--- START ---
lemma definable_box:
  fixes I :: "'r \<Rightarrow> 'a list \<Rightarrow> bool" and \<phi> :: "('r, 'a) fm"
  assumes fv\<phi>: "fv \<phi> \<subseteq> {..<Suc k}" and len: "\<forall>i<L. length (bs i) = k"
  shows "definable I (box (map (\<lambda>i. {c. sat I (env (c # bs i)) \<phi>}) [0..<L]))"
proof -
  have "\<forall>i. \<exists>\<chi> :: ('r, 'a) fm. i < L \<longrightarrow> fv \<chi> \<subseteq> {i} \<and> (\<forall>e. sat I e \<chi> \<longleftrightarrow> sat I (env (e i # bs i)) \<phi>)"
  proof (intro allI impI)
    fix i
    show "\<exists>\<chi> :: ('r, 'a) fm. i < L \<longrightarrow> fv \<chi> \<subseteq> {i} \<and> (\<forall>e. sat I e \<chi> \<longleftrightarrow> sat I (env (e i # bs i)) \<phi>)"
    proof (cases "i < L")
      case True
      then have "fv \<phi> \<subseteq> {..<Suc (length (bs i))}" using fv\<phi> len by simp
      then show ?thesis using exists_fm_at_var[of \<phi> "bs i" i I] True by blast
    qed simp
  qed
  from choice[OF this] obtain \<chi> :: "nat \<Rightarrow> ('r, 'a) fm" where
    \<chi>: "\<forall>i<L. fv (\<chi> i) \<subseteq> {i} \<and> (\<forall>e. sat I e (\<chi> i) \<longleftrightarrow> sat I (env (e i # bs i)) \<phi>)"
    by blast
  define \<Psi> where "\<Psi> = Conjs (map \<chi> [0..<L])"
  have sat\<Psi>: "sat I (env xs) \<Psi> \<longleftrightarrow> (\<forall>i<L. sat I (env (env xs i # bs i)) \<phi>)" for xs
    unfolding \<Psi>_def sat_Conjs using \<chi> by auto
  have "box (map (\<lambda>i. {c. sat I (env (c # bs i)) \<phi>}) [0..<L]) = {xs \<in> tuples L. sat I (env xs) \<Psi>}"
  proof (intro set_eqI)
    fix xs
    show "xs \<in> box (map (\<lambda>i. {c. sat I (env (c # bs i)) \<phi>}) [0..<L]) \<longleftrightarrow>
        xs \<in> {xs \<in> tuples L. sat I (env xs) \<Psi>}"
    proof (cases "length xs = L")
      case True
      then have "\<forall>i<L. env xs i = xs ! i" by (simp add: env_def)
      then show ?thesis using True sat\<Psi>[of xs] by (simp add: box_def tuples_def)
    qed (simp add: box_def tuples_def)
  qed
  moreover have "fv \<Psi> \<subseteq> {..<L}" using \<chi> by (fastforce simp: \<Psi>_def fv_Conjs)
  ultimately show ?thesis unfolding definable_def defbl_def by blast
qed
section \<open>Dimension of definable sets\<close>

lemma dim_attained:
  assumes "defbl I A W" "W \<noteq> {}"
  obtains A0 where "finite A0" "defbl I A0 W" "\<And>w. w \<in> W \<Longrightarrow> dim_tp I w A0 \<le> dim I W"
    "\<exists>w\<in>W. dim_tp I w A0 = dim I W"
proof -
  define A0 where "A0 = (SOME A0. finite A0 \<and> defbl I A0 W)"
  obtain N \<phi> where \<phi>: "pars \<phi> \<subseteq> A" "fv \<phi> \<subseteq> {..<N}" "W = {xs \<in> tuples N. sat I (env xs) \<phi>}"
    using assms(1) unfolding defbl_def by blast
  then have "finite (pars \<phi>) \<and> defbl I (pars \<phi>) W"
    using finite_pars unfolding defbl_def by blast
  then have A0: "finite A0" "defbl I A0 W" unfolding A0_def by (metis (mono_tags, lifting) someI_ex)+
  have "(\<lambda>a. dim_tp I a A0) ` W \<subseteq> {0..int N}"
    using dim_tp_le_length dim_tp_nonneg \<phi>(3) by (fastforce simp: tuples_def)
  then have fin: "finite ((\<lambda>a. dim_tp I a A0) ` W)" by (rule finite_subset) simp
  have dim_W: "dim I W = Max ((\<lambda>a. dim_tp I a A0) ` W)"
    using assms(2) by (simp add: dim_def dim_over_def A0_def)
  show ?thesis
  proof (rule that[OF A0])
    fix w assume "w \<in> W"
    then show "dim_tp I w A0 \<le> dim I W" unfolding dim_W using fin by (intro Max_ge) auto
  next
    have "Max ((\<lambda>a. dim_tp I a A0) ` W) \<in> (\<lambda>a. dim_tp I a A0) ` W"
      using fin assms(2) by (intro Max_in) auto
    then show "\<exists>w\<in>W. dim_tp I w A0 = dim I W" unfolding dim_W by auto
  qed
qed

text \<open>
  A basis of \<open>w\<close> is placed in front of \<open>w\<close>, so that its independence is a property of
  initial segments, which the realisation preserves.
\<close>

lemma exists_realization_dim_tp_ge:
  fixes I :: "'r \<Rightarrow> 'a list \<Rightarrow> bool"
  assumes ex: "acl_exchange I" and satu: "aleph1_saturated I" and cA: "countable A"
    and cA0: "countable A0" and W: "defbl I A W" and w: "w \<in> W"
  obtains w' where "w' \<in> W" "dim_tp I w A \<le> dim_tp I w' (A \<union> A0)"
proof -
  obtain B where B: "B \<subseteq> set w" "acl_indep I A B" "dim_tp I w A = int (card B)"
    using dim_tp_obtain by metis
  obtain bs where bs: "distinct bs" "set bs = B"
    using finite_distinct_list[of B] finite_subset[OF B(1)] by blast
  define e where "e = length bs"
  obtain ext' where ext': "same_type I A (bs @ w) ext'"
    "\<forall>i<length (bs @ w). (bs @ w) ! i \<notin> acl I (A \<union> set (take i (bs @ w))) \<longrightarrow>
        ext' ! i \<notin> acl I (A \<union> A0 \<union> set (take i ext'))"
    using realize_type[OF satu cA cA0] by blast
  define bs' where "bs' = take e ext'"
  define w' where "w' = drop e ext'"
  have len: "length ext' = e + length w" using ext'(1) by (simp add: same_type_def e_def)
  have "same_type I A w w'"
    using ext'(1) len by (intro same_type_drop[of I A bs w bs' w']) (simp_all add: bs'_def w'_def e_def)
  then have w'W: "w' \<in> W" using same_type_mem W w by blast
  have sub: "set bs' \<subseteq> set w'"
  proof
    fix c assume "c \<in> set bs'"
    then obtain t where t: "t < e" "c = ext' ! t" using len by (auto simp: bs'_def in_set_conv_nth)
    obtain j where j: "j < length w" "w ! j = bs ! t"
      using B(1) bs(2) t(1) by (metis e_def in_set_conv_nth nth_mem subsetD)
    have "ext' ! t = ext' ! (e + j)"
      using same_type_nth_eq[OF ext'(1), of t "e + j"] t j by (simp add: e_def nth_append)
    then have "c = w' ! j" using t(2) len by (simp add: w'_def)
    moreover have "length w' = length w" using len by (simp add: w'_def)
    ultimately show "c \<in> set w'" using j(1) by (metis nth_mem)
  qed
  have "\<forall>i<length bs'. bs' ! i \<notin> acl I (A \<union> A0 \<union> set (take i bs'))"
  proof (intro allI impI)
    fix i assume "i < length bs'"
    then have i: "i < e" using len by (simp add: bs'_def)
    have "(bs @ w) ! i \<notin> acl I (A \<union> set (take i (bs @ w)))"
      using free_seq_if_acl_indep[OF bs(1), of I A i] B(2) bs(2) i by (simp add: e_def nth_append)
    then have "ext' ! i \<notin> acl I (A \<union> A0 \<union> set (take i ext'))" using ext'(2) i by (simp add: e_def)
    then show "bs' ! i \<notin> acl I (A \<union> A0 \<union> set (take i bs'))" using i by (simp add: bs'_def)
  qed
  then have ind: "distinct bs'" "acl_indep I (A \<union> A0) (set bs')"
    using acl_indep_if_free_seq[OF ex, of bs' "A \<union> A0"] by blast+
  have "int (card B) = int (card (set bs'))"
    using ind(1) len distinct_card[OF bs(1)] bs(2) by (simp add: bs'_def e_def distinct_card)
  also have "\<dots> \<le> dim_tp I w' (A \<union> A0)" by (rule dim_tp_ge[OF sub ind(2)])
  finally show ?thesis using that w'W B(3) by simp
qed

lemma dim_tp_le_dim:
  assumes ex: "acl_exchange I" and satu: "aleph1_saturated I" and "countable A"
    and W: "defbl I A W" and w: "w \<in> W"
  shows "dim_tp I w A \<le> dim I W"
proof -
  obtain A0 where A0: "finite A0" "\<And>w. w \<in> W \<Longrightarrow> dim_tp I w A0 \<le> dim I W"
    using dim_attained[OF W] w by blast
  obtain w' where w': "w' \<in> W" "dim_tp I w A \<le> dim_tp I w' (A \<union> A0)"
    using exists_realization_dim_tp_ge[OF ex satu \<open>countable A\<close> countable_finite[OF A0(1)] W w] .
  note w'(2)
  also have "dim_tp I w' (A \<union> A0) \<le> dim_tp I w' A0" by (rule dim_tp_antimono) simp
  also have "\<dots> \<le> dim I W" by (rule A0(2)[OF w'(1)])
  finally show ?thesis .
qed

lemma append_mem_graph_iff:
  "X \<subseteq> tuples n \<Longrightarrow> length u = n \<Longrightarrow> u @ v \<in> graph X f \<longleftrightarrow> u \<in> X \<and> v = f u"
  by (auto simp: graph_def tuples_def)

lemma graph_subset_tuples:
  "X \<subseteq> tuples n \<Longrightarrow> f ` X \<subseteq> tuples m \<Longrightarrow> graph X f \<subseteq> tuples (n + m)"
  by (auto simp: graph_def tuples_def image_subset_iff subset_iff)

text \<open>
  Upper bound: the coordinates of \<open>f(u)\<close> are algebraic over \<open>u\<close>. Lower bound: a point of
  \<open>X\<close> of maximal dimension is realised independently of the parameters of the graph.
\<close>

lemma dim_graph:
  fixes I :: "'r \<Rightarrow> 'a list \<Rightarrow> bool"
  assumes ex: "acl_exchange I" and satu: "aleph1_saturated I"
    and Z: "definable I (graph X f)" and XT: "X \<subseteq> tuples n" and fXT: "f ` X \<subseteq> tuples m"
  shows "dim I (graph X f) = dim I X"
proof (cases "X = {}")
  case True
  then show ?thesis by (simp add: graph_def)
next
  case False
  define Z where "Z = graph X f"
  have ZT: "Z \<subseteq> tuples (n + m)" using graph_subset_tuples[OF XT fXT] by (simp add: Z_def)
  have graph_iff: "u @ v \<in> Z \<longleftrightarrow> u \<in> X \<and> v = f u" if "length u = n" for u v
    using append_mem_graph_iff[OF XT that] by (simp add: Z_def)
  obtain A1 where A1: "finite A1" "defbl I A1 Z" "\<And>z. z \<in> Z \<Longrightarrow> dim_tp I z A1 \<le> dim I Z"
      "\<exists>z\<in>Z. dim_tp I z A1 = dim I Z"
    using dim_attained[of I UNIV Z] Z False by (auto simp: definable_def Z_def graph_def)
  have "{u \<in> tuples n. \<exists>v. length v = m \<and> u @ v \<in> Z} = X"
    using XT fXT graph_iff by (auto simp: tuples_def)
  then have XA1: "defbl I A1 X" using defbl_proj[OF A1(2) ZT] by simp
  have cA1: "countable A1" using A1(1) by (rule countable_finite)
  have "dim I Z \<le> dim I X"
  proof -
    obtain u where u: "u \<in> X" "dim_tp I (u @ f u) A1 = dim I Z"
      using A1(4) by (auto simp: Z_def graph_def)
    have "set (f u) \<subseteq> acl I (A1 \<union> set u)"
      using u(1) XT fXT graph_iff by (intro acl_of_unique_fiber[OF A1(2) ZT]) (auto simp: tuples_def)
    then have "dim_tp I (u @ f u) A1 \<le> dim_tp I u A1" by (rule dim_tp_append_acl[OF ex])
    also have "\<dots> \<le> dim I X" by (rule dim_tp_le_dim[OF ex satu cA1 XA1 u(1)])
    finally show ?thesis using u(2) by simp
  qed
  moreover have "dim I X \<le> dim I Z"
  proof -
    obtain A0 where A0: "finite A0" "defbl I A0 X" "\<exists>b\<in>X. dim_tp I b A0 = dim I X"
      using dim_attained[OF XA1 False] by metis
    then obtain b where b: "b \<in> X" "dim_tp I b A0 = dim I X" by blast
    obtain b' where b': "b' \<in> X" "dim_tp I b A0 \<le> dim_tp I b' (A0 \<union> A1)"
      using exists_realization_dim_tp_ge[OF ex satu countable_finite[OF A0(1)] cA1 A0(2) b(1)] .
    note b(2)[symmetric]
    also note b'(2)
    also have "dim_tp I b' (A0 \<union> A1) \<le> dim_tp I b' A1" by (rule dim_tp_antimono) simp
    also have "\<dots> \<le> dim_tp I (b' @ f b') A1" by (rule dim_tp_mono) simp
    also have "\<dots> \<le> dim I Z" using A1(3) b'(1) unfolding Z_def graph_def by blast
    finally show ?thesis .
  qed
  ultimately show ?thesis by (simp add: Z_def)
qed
--- END ---
## Task statement
Given the records above, return exactly the lines starting at the line containing "fv (\<chi> i)" and ending at the line containing "using dim_tp_le_length dim_tp_nonneg", including both.

## Answer area
    \<chi>: "\<forall>i<L. fv (\<chi> i) \<subseteq> {i} \<and> (\<forall>e. sat I e (\<chi> i) \<longleftrightarrow> sat I (env (e i # bs i)) \<phi>)"
    by blast
  define \<Psi> where "\<Psi> = Conjs (map \<chi> [0..<L])"
  have sat\<Psi>: "sat I (env xs) \<Psi> \<longleftrightarrow> (\<forall>i<L. sat I (env (env xs i # bs i)) \<phi>)" for xs
    unfolding \<Psi>_def sat_Conjs using \<chi> by auto
  have "box (map (\<lambda>i. {c. sat I (env (c # bs i)) \<phi>}) [0..<L]) = {xs \<in> tuples L. sat I (env xs) \<Psi>}"
  proof (intro set_eqI)
    fix xs
    show "xs \<in> box (map (\<lambda>i. {c. sat I (env (c # bs i)) \<phi>}) [0..<L]) \<longleftrightarrow>
        xs \<in> {xs \<in> tuples L. sat I (env xs) \<Psi>}"
    proof (cases "length xs = L")
      case True
      then have "\<forall>i<L. env xs i = xs ! i" by (simp add: env_def)
      then show ?thesis using True sat\<Psi>[of xs] by (simp add: box_def tuples_def)
    qed (simp add: box_def tuples_def)
  qed
  moreover have "fv \<Psi> \<subseteq> {..<L}" using \<chi> by (fastforce simp: \<Psi>_def fv_Conjs)
  ultimately show ?thesis unfolding definable_def defbl_def by blast
qed
section \<open>Dimension of definable sets\<close>

lemma dim_attained:
  assumes "defbl I A W" "W \<noteq> {}"
  obtains A0 where "finite A0" "defbl I A0 W" "\<And>w. w \<in> W \<Longrightarrow> dim_tp I w A0 \<le> dim I W"
    "\<exists>w\<in>W. dim_tp I w A0 = dim I W"
proof -
  define A0 where "A0 = (SOME A0. finite A0 \<and> defbl I A0 W)"
  obtain N \<phi> where \<phi>: "pars \<phi> \<subseteq> A" "fv \<phi> \<subseteq> {..<N}" "W = {xs \<in> tuples N. sat I (env xs) \<phi>}"
    using assms(1) unfolding defbl_def by blast
  then have "finite (pars \<phi>) \<and> defbl I (pars \<phi>) W"
    using finite_pars unfolding defbl_def by blast
  then have A0: "finite A0" "defbl I A0 W" unfolding A0_def by (metis (mono_tags, lifting) someI_ex)+
  have "(\<lambda>a. dim_tp I a A0) ` W \<subseteq> {0..int N}"
    using dim_tp_le_length dim_tp_nonneg \<phi>(3) by (fastforce simp: tuples_def)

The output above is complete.